The compensation fund is a discretionary fund of last resort that can pay out up to £2m where a solicitor has stolen or not accounted for client money – and it is not covered by the firm’s professional indemnity insurance – or did not have insurance in place.

The SRA said in April that the fund had already made £1.4m in emergency payments to clients of Metamorph.

As part of their practising fees every October, law firms currently pay £660 towards the fund, plus £30 per solicitor.

Briefing the media, Mr Philip said it was too early to say how much of the £64m would fall on the fund – some will be covered by Axiom Ince’s insurance, for example, while SRA rules prevent corporate clients from claiming – but it was likely to exceed the £18m currently held in reserves.

It also raised a cash flow issue for the fund as it could take years to recoup money, such as through subrogated claims against the insurers.

He said that “based on what we know, the cost [of the fund] is going up quite radically”.

The SRA board is still considering whether it can wait until next year’s autumn renewal to collect the increased contributions or instead have to make an unprecedented mid-year call on the profession to bolster the reserves.

An alternative would be to invoke a statutory cap of £5m on all claims arising out of Axiom Ince, but while this would be good for the profession financially, Mr Philip cautioned that it risked damaging solicitors’ reputation.

“It could mean that an awful lot of people would lose an awful lot of money and actually we believe that a key part of our purpose is to drive confidence and trust in the profession. We don’t see how that possibly could.”

The fund’s reserve level is set at £27m but the costs of interventions and SRA staff time come out of that and Mr Philip said £9m had recently been paid over. Plus the administrative costs of the Axiom Ince intervention alone are £10-15m.

He added that the SRA had deliberately reduced the reserves from around £56m five years ago after an expected flood of claims arising from fraudulent investment schemes failed to materialise because insurance ended up covering them.
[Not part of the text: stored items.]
theorem not_B_balanced_if_simplex:
  assumes "finite S" "i + 3 \<le> card S" "\<And>G. G \<subseteq> S \<Longrightarrow> G \<in> K" "orientation K ori"
  shows "\<not> B_balanced i K ori"
proof -
  obtain a b c R where abc: "distinct (a#b#c#R)" "length R = i" "set (a#b#c#R) \<subseteq> S"
    using obtain_distinct_prefix[OF assms(1,2)] .
  have faces: "set (hexagon a b c R) \<subseteq> K"
    using abc(3) assms(3) by (auto simp: hexagon_def)
  then have "\<And>F. F \<in> set (hexagon a b c R) \<Longrightarrow> distinct (ori F) \<and> set (ori F) = F"
    using assms(4) by (auto simp: orientation_def)
  then have "(\<Prod>j<length (hexagon a b c R). B_sign ori (hexagon a b c R ! j)
           (hexagon a b c R ! ((j + 1) mod length (hexagon a b c R)))) \<noteq> 1"
    using hexagon_sign[OF abc(1)] by simp
  then show ?thesis
    using hexagon_is_cycle[OF abc(1,2) faces] unfolding B_balanced_def balanced_def by blast
qed

theorem mainTheorem7:
  fixes K1 K2 K :: "'a set set" and k i :: nat and ori :: "'a set \<Rightarrow> 'a list"
  assumes "simplicial_complex K1" and "simplicial_complex K2"
    and "vertices K1 \<inter> vertices K2 = {}"
    and "k \<ge> 2"
    and "is_k_wedge_sum k K1 K2 K"
    and "orientation K ori"
    and "i \<le> k - 2"
  shows "\<not> B_balanced i K ori"
proof -
  from assms(5) obtain s1 s2 f where s2: "s2 \<in> K2" "card s2 = k + 1"
    and K: "K = wedge_sum K1 K2 s1 s2 f" unfolding is_k_wedge_sum_def by blast
  have "finite s2" using assms(2) s2(1) by (auto simp: simplicial_complex_def)
  moreover have "\<And>G. G \<subseteq> s2 \<Longrightarrow> G \<in> K"
    using assms(2) s2(1) K by (auto simp: simplicial_complex_def wedge_sum_def)
  moreover have "i + 3 \<le> card s2" using s2(2) assms(4,7) by linarith
  ultimately show ?thesis using not_B_balanced_if_simplex assms(6) by blast
qed

end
Hitherto, the compensation fund has mainly been there for clients of small firms but these three interventions showed that “the game has changed”, the regulator went on.

“[They] are wholly unprecedented and present a risk to reputation of the profession and the trust and confidence in the profession, and a risk to the viability of the compensation fund, so much so that we think we will need to do quite a large piece of policy work to consider whether or not we’ve got the balance right between consumer protection and the cost to the profession.”

Mr Philip said a further concern was the risk of another major intervention.

“If we have another really big claim in five months’ time, that makes it a bigger deal. This size of interventions means the regulatory framework needs a root-and-branch review.”

He insisted that the SRA was not, as some critics have suggested, ‘asleep at the wheel’ when Axiom DWFM first bought Ince and then Plexus Law out of administration in short order, both firms far larger than it was.

“We did everything we were supposed to do within the regulatory framework,” he said.

He noted how, when he joined the SRA a decade ago, it was being criticised for stepping in too quickly when there were concerns about firms’ financial stability.

Recent events have led the SRA to ask what else it could do with consolidator firms like the three under the spotlight, that have grown rapidly through acquisition.

The SRA could target them with inspections, Mr Philip said, “but we’re not external auditors and we scratch our head about what level of comfort we could give ourselves”.

Such a move might also require a significant expansion in staff and skill base, which ultimately would be loaded onto practicing fees.

He added that, in the year to 30 June, the SRA had recorded 114 mergers and acquisitions. “If we were to take more proactive before-the-event action [to check them], it would be a tonne of work,” he said, again increasing the cost of the regulation.